══ Task data

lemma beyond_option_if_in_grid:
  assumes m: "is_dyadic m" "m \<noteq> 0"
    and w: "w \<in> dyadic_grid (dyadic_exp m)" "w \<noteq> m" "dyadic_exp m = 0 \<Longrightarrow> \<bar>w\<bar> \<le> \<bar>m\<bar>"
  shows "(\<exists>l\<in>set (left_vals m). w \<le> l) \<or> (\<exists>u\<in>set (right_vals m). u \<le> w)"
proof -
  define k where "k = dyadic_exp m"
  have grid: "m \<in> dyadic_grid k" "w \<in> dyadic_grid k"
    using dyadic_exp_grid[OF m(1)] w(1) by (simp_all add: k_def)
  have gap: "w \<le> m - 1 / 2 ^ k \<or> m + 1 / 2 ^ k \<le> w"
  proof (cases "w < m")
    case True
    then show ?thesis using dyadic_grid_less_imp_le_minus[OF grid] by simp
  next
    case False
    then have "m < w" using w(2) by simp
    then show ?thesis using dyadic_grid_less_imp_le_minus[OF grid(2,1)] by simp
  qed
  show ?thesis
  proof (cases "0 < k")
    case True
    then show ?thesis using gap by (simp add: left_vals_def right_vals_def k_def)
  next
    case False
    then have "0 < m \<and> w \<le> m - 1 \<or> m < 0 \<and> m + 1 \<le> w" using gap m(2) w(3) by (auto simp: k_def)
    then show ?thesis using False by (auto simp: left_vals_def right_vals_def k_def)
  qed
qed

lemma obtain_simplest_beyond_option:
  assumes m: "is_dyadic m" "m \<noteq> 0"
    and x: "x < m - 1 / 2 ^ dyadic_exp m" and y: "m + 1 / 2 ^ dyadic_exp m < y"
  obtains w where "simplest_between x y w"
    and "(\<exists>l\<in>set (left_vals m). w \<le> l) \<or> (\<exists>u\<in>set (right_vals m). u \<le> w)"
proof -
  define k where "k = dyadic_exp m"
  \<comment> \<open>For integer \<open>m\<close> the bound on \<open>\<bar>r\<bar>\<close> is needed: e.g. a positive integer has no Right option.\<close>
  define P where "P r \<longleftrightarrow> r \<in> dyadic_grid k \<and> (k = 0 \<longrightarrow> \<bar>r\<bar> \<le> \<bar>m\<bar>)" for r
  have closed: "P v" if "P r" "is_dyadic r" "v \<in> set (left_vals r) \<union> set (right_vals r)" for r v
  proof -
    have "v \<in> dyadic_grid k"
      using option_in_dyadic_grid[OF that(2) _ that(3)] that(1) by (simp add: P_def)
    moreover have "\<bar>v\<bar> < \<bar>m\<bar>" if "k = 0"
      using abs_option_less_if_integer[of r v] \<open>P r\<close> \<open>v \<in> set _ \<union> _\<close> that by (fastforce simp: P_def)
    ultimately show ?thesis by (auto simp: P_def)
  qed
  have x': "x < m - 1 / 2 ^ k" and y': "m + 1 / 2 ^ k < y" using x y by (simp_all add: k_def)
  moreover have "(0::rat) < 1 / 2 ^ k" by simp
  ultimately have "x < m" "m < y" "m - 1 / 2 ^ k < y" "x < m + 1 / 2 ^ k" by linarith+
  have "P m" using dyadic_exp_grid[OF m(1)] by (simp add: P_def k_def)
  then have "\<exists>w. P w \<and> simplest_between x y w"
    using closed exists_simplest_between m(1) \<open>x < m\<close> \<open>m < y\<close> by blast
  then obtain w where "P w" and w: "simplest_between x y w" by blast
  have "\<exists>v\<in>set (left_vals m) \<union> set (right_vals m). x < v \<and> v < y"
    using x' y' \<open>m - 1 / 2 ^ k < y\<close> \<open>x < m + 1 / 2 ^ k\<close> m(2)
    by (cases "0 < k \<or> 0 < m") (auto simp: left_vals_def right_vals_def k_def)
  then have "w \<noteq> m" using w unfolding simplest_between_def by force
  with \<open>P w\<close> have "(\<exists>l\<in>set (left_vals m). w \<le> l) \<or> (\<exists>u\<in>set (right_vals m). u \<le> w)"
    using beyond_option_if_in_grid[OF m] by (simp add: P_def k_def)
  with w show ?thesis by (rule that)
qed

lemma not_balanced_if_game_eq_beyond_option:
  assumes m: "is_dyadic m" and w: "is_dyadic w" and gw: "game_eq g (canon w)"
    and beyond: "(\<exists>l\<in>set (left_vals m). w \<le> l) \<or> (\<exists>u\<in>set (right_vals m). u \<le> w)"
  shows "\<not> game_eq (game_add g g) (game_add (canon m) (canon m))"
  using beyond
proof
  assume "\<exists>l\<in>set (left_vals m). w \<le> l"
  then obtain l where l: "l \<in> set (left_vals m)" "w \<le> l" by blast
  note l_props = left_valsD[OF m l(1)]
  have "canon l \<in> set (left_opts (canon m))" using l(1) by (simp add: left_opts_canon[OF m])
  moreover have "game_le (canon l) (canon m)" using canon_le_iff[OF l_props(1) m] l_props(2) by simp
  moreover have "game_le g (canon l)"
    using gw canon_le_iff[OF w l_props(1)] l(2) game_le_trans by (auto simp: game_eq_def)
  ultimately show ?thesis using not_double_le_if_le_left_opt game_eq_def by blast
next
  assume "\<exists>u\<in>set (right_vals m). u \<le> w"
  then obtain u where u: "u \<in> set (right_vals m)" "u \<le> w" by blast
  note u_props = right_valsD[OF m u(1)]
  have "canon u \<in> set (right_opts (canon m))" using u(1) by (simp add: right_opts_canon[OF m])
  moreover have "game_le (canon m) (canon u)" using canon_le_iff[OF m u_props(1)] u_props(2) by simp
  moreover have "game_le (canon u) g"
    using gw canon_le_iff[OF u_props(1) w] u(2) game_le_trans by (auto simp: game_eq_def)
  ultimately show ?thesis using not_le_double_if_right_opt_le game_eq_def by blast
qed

════
══ Task data

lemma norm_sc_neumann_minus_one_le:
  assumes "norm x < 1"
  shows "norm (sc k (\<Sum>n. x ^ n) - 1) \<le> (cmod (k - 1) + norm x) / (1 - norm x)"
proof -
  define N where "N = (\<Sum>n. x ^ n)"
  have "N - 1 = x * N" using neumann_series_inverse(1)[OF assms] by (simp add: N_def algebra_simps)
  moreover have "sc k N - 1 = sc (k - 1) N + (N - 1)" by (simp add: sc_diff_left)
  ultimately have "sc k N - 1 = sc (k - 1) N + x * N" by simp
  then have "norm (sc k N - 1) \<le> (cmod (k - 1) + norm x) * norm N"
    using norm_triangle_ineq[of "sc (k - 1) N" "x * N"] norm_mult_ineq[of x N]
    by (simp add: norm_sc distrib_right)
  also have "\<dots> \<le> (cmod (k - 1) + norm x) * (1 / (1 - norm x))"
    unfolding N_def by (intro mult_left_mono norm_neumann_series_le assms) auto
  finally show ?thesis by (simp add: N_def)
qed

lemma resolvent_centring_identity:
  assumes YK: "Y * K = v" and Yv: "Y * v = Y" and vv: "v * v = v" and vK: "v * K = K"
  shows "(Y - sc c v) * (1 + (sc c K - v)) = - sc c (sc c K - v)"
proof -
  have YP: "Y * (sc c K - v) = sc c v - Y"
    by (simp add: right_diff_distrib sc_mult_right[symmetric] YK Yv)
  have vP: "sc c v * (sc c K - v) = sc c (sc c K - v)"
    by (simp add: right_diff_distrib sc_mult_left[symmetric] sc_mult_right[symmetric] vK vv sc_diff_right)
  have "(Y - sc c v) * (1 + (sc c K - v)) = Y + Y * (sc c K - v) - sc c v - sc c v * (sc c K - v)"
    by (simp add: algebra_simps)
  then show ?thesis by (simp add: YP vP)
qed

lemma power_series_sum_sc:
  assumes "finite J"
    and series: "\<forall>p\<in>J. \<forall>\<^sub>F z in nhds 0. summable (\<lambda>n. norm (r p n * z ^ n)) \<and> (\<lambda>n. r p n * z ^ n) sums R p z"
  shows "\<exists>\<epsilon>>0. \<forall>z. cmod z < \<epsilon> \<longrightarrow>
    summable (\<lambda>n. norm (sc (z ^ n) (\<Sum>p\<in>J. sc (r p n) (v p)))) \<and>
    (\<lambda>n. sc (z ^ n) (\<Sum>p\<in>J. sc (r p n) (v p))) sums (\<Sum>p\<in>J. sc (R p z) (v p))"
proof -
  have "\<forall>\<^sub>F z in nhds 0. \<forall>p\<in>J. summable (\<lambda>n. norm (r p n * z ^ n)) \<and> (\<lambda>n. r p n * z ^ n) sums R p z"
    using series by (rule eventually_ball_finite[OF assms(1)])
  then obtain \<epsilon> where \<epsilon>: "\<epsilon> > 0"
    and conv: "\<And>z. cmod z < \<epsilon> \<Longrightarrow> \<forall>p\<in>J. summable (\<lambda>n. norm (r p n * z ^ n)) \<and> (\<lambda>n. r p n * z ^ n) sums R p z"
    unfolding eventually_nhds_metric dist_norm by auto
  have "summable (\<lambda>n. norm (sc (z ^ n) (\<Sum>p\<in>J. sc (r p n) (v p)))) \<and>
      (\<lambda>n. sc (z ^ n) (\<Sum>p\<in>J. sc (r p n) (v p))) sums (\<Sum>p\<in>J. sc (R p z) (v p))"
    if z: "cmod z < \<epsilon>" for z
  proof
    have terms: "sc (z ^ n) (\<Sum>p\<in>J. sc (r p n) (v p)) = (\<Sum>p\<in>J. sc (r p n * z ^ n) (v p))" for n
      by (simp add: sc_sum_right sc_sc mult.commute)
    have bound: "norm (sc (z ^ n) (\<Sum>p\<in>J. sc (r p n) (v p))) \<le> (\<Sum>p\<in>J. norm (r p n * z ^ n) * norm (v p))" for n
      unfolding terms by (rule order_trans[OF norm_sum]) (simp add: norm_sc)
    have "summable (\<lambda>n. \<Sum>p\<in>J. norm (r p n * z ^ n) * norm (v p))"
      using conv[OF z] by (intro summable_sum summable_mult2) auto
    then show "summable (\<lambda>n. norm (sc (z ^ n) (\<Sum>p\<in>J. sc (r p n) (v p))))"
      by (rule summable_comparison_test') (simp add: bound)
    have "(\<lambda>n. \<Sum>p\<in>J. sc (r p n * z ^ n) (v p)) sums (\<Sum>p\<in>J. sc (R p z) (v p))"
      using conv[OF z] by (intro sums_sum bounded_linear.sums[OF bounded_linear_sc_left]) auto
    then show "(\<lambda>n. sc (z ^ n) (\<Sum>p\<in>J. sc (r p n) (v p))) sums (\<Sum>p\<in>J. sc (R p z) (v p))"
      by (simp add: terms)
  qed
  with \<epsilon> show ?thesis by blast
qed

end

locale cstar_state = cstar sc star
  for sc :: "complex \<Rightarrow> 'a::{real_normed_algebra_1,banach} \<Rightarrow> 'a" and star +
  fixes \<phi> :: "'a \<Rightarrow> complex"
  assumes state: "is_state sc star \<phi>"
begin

════
══ Task data

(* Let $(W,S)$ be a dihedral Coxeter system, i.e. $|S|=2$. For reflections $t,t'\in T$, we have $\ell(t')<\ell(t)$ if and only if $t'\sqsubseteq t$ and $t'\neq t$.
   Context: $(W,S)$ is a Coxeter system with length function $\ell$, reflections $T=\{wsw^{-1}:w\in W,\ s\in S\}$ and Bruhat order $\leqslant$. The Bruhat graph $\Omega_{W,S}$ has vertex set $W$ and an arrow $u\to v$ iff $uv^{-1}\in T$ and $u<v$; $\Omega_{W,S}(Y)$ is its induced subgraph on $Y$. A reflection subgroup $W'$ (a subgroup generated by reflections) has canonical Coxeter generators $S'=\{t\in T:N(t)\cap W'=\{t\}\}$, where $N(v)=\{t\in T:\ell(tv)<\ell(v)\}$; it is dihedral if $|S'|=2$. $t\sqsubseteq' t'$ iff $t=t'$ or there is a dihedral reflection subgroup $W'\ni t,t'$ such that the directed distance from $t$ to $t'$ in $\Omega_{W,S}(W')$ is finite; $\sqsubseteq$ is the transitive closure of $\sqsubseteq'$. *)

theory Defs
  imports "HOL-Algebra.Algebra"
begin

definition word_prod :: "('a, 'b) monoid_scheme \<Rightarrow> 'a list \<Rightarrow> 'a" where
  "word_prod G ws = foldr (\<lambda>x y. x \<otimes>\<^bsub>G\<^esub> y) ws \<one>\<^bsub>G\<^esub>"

════

> **Description of the task**:
If a line in the data above holds the string "cases", copy it.

> **Task answer**:
  proof (cases "w < m")
  proof (cases "0 < k")
    by (cases "0 < k \<or> 0 < m") (auto simp: left_vals_def right_vals_def k_def)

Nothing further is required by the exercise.